**Task statement:**
All of the records must come back exactly as they were given.

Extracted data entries
definition layout_of_modes :: "(nat \<times> nat) list \<Rightarrow> layout" where
  "layout_of_modes ms =
     (if length ms > 1 then (Tup (map (Leaf \<circ> fst) ms), Tup (map (Leaf \<circ> snd) ms))
      else if length ms = 1 then (Leaf (fst (hd ms)), Leaf (snd (hd ms)))
      else (Leaf 1, Leaf 0))"

lemma coal_eq_layout_of_modes: "coal L = layout_of_modes (coal_flat (modes L))"
  unfolding coal_def modes_def layout_of_modes_def Let_def ..

fun coalesced :: "(nat \<times> nat) list \<Rightarrow> bool" where
  "coalesced [] = True"
| "coalesced [(s, d)] = (2 \<le> s)"
| "coalesced ((s1, d1) # (s2, d2) # ms) = (2 \<le> s1 \<and> d2 \<noteq> s1 * d1 \<and> coalesced ((s2, d2) # ms))"

lemma mode_fun_0 [simp]: "mode_fun ms 0 = 0"
  by (induction ms) auto

lemma mode_size_Nil [simp]: "mode_size [] = 1"
  and mode_size_Cons [simp]: "mode_size (p # ms) = fst p * mode_size ms"
  by (simp_all add: mode_size_def)

lemma mode_size_pos: "(\<And>p. p \<in> set ms \<Longrightarrow> 0 < fst p) \<Longrightarrow> 0 < mode_size ms"
  by (induction ms) auto

lemma phi_flat_Cons: "phi_flat (s # ss) (d # ds) x = x mod s * d + phi_flat ss ds (x div s)"
proof -
  have "phi_flat (s # ss) (d # ds) x =
      (\<Sum>i<Suc (length ss). x div (\<Prod>j<i. (s # ss) ! j) mod (s # ss) ! i * (d # ds) ! i)"
    by (simp add: phi_flat_def)
  also have "\<dots> =
      x mod s * d + (\<Sum>i<length ss. x div (\<Prod>j<Suc i. (s # ss) ! j) mod ss ! i * ds ! i)"
    by (subst sum.lessThan_Suc_shift) simp
  also have "(\<Sum>i<length ss. x div (\<Prod>j<Suc i. (s # ss) ! j) mod ss ! i * ds ! i)
      = phi_flat ss ds (x div s)"
    unfolding phi_flat_def
    by (intro sum.cong refl)
      (simp only: prod.lessThan_Suc_shift nth_Cons_0 nth_Cons_Suc div_mult2_eq)
  finally show ?thesis .
qed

**Task result:**
definition layout_of_modes :: "(nat \<times> nat) list \<Rightarrow> layout" where
  "layout_of_modes ms =
     (if length ms > 1 then (Tup (map (Leaf \<circ> fst) ms), Tup (map (Leaf \<circ> snd) ms))
      else if length ms = 1 then (Leaf (fst (hd ms)), Leaf (snd (hd ms)))
      else (Leaf 1, Leaf 0))"

lemma coal_eq_layout_of_modes: "coal L = layout_of_modes (coal_flat (modes L))"
  unfolding coal_def modes_def layout_of_modes_def Let_def ..

fun coalesced :: "(nat \<times> nat) list \<Rightarrow> bool" where
  "coalesced [] = True"
| "coalesced [(s, d)] = (2 \<le> s)"
| "coalesced ((s1, d1) # (s2, d2) # ms) = (2 \<le> s1 \<and> d2 \<noteq> s1 * d1 \<and> coalesced ((s2, d2) # ms))"

lemma mode_fun_0 [simp]: "mode_fun ms 0 = 0"
  by (induction ms) auto

lemma mode_size_Nil [simp]: "mode_size [] = 1"
  and mode_size_Cons [simp]: "mode_size (p # ms) = fst p * mode_size ms"
  by (simp_all add: mode_size_def)

lemma mode_size_pos: "(\<And>p. p \<in> set ms \<Longrightarrow> 0 < fst p) \<Longrightarrow> 0 < mode_size ms"
  by (induction ms) auto

lemma phi_flat_Cons: "phi_flat (s # ss) (d # ds) x = x mod s * d + phi_flat ss ds (x div s)"
proof -
  have "phi_flat (s # ss) (d # ds) x =
      (\<Sum>i<Suc (length ss). x div (\<Prod>j<i. (s # ss) ! j) mod (s # ss) ! i * (d # ds) ! i)"
    by (simp add: phi_flat_def)
  also have "\<dots> =
      x mod s * d + (\<Sum>i<length ss. x div (\<Prod>j<Suc i. (s # ss) ! j) mod ss ! i * ds ! i)"
    by (subst sum.lessThan_Suc_shift) simp
  also have "(\<Sum>i<length ss. x div (\<Prod>j<Suc i. (s # ss) ! j) mod ss ! i * ds ! i)
      = phi_flat ss ds (x div s)"
    unfolding phi_flat_def
    by (intro sum.cong refl)
      (simp only: prod.lessThan_Suc_shift nth_Cons_0 nth_Cons_Suc div_mult2_eq)
  finally show ?thesis .
qed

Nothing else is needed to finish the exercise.